--- What this task involves ---
Would you output the entries below only from the line containing "t \<longleftrightarrow> (\<exists>G." through the line containing "query \<Rightarrow> 'l", exactly as they stand and with both ends included?

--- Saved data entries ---
--------------------

(* Let $P$ be a causal program and $I$ an interpretation. Then $I$ is the least causal model of $P^I$ if and only if $I$ is the least causal model of $P^I_u$. In particular, causal stable models are the same whether the reduct $P^I$ or the uniform reduct $P^I_u$ is used.
   Context: Fix a set of labels $Lb$ and a set of atoms $At$. Terms are built by $t::=l\mid\prod S\mid\sum S\mid t_1\cdot t_2$ with $l\in Lb$ and $S$ any (possibly empty or infinite) set of terms; $1:=\prod\emptyset$, $0:=\sum\emptyset$; finite sums/products written with $+$, $*$. Causal values are equivalence classes of terms modulo the axioms of a completely distributive complete lattice with meet $*$ and join $+$ together with: $t\cdot(u\cdot w)=(t\cdot u)\cdot w$; $t=t+u\cdot t\cdot w$ and $u\cdot t\cdot w=t*u\cdot t\cdot w$; $1\cdot t=t=t\cdot1$; $t\cdot0=0=0\cdot t$; $l\cdot l=l$ for labels $l$; $\cdot$ distributes over (possibly infinite) sums on both sides; for terms $c,d,e$ without $+$: $c\cdot d\cdot e=(c\cdot d)*(d\cdot e)$ if $d\ne1$, $c\cdot(d*e)=(c\cdot d)*(c\cdot e)$, $(c*d)\cdot e=(c\cdot e)*(d\cdot e)$. $\mathbf V$ is the set of values, ordered by $t\le u$ iff $t*u=t$; $\mathbf C\subseteq\mathbf V$ is the set of values with a representative without $+$. $G\le_{\max}t$ means $G\in\mathbf C$, $G\le t$ and no $G'\in\mathbf C$ has $G<G'\le t$. A causal query is $\psi:\mathbf C\times\mathbf V\to\{0,1\}$ with $\psi(G,t)\le\psi(G,u)$ whenever $t\ge u$; monotonic if $\psi(G,u)\le\psi(G',w)$ whenever $G\le G'$ (any $u,w$). A causal literal is $(\psi::A)$, $A\in At$. Literals: $(\psi::A)$ (positive), $\neg(\psi::A)$ (negative), $\neg\neg(\psi::A)$ (consistent). A causal program is a set of rules $r:H\leftarrow B_1,\dots,B_m$ with $r\in Lb$ or $r=1$, $H\in At$, each $B_i$ a literal or a term. An interpretation is $I:At\to\mathbf V$, ordered pointwise. $I(\psi::A)=\sum\{G\le_{\max}I(A):\psi(G,I(A))=1\}$; $I(t)=t$ for terms; $I(\neg L)=1$ iff $I(L)=0$ (else $0$); $I(\neg\neg L)=1$ iff $I(L)\ne0$ (else $0$); $I\models L$ iff $I(L)\ne0$. $I$ is a causal model of $P$ iff $(I(B_1)*\dots*I(B_m))\cdot r\le I(H)$ for every rule (empty product $=1$). Reduct: $\psi^t(G,u)=1$ iff there is $G'\in\mathbf C$ with $G'\le G$, $G'\le_{\max}t$, $\psi(G',t)=1$ (else $0$). The reduct of $(\psi::A)$ w.r.t. $I$ is $(\psi::A)$ if $\psi$ is monotonic and $(\psi^{I(A)}::A)$ otherwise. $P^I$: (i) delete every rule whose body has a negative or consistent literal not satisfied by $I$, (ii) delete the remaining negative and consistent literals, (iii) replace each remaining causal literal by its reduct. The uniform reduct $P^I_u$ is defined identically except that in step (iii) every remaining causal literal $(\psi::A)$, monotonic or not, is replaced by $(\psi^{I(A)}::A)$. Both $P^I$ and $P^I_u$ are positive programs with only monotonic queries and have least causal models. $I$ is a causal stable model of $P$ iff $I$ is the least causal model of $P^I$. *)

theory Defs
  imports Main
begin

text \<open>
Causal values are represented concretely (following Cabalar, Fandinno and Fink,
"Causal graph justifications of logic programs") as ideals of causal graphs:
a causal graph is a transitively and reflexively closed set of edges over the
labels; a value is a set of causal graphs closed under taking supergraphs
(the order on graphs is reverse inclusion, so these are the order ideals).
Under this representation the meet is intersection, the join is union, the
order on values is inclusion, 0 is the empty ideal and 1 the set of all graphs.
\<close>

definition cgraph :: "('l \<times> 'l) set \<Rightarrow> bool" where
  "cgraph G \<longleftrightarrow> trans G \<and> (\<forall>(x, y) \<in> G. (x, x) \<in> G \<and> (y, y) \<in> G)"

type_synonym 'l cval = "('l \<times> 'l) set set"

definition is_val :: "'l cval \<Rightarrow> bool" where
  "is_val t \<longleftrightarrow> (\<forall>G \<in> t. cgraph G) \<and>
                 (\<forall>G G'. G \<in> t \<longrightarrow> cgraph G' \<longrightarrow> G \<subseteq> G' \<longrightarrow> G' \<in> t)"

definition one_val :: "'l cval" where
  "one_val = {G. cgraph G}"

definition lab_val :: "'l \<Rightarrow> 'l cval" where
  "lab_val l = {G. cgraph G \<and> (l, l) \<in> G}"

definition prod_val :: "'l cval set \<Rightarrow> 'l cval" where
  "prod_val S = one_val \<inter> \<Inter> S"

definition gcat :: "('l \<times> 'l) set \<Rightarrow> ('l \<times> 'l) set \<Rightarrow> ('l \<times> 'l) set" where
  "gcat G1 G2 = (G1 \<union> G2 \<union> {(x, y). x \<in> Field G1 \<and> y \<in> Field G2})\<^sup>+"

definition app_val :: "'l cval \<Rightarrow> 'l cval \<Rightarrow> 'l cval" where
  "app_val t u = {G. cgraph G \<and> (\<exists>G1 \<in> t. \<exists>G2 \<in> u. gcat G1 G2 \<subseteq> G)}"

text \<open>Principal ideal of a graph; the set C of values with a +-free
representative consists exactly of these.\<close>
definition prin :: "('l \<times> 'l) set \<Rightarrow> 'l cval" where
  "prin G = {G'. cgraph G' \<and> G \<subseteq> G'}"

definition is_cval :: "'l cval \<Rightarrow> bool" where
  "is_cval t \<longleftrightarrow> (\<exists>G. cgraph G \<and> t = prin G)"

definition maxle :: "'l cval \<Rightarrow> 'l cval \<Rightarrow> bool" where
  "maxle G t \<longleftrightarrow> is_cval G \<and> G \<subseteq> t \<and> \<not> (\<exists>G'. is_cval G' \<and> G \<subset> G' \<and> G' \<subseteq> t)"

type_synonym 'l query = "'l cval \<Rightarrow> 'l cval \<Rightarrow> bool"

definition causal_query :: "'l query \<Rightarrow> bool" where
  "causal_query \<psi> \<longleftrightarrow> (\<forall>G t u. is_cval G \<longrightarrow> is_val t \<longrightarrow> is_val u \<longrightarrow>
      u \<subseteq> t \<longrightarrow> \<psi> G t \<longrightarrow> \<psi> G u)"

definition monotonic_query :: "'l query \<Rightarrow> bool" where
  "monotonic_query \<psi> \<longleftrightarrow> (\<forall>G G' u w. is_cval G \<longrightarrow> is_cval G' \<longrightarrow> is_val u \<longrightarrow> is_val w \<longrightarrow>
      G \<subseteq> G' \<longrightarrow> \<psi> G u \<longrightarrow> \<psi> G' w)"

definition qred :: "'l query \<Rightarrow> 'l cval \<Rightarrow> 'l query" where
  "qred \<psi> t = (\<lambda>G u. \<exists>G'. is_cval G' \<and> G' \<subseteq> G \<and> maxle G' t \<and> \<psi> G' t)"

datatype ('l, 'a) bodyelem =
    CPos "'l query" 'a
  | CNeg "'l query" 'a
  | CCons "'l query" 'a
  | BTerm "'l cval"

text \<open>A rule: label (None stands for the rule label 1), head atom, body.\<close>
type_synonym ('l, 'a) crule = "'l option \<times> 'a \<times> ('l, 'a) bodyelem list"

type_synonym ('l, 'a) cprogram = "('l, 'a) crule set"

--------------------

--- Answer box ---
  "is_cval t \<longleftrightarrow> (\<exists>G. cgraph G \<and> t = prin G)"

definition maxle :: "'l cval \<Rightarrow> 'l cval \<Rightarrow> bool" where
  "maxle G t \<longleftrightarrow> is_cval G \<and> G \<subseteq> t \<and> \<not> (\<exists>G'. is_cval G' \<and> G \<subset> G' \<and> G' \<subseteq> t)"

type_synonym 'l query = "'l cval \<Rightarrow> 'l cval \<Rightarrow> bool"

definition causal_query :: "'l query \<Rightarrow> bool" where
  "causal_query \<psi> \<longleftrightarrow> (\<forall>G t u. is_cval G \<longrightarrow> is_val t \<longrightarrow> is_val u \<longrightarrow>
      u \<subseteq> t \<longrightarrow> \<psi> G t \<longrightarrow> \<psi> G u)"

definition monotonic_query :: "'l query \<Rightarrow> bool" where
  "monotonic_query \<psi> \<longleftrightarrow> (\<forall>G G' u w. is_cval G \<longrightarrow> is_cval G' \<longrightarrow> is_val u \<longrightarrow> is_val w \<longrightarrow>
      G \<subseteq> G' \<longrightarrow> \<psi> G u \<longrightarrow> \<psi> G' w)"

definition qred :: "'l query \<Rightarrow> 'l cval \<Rightarrow> 'l query" where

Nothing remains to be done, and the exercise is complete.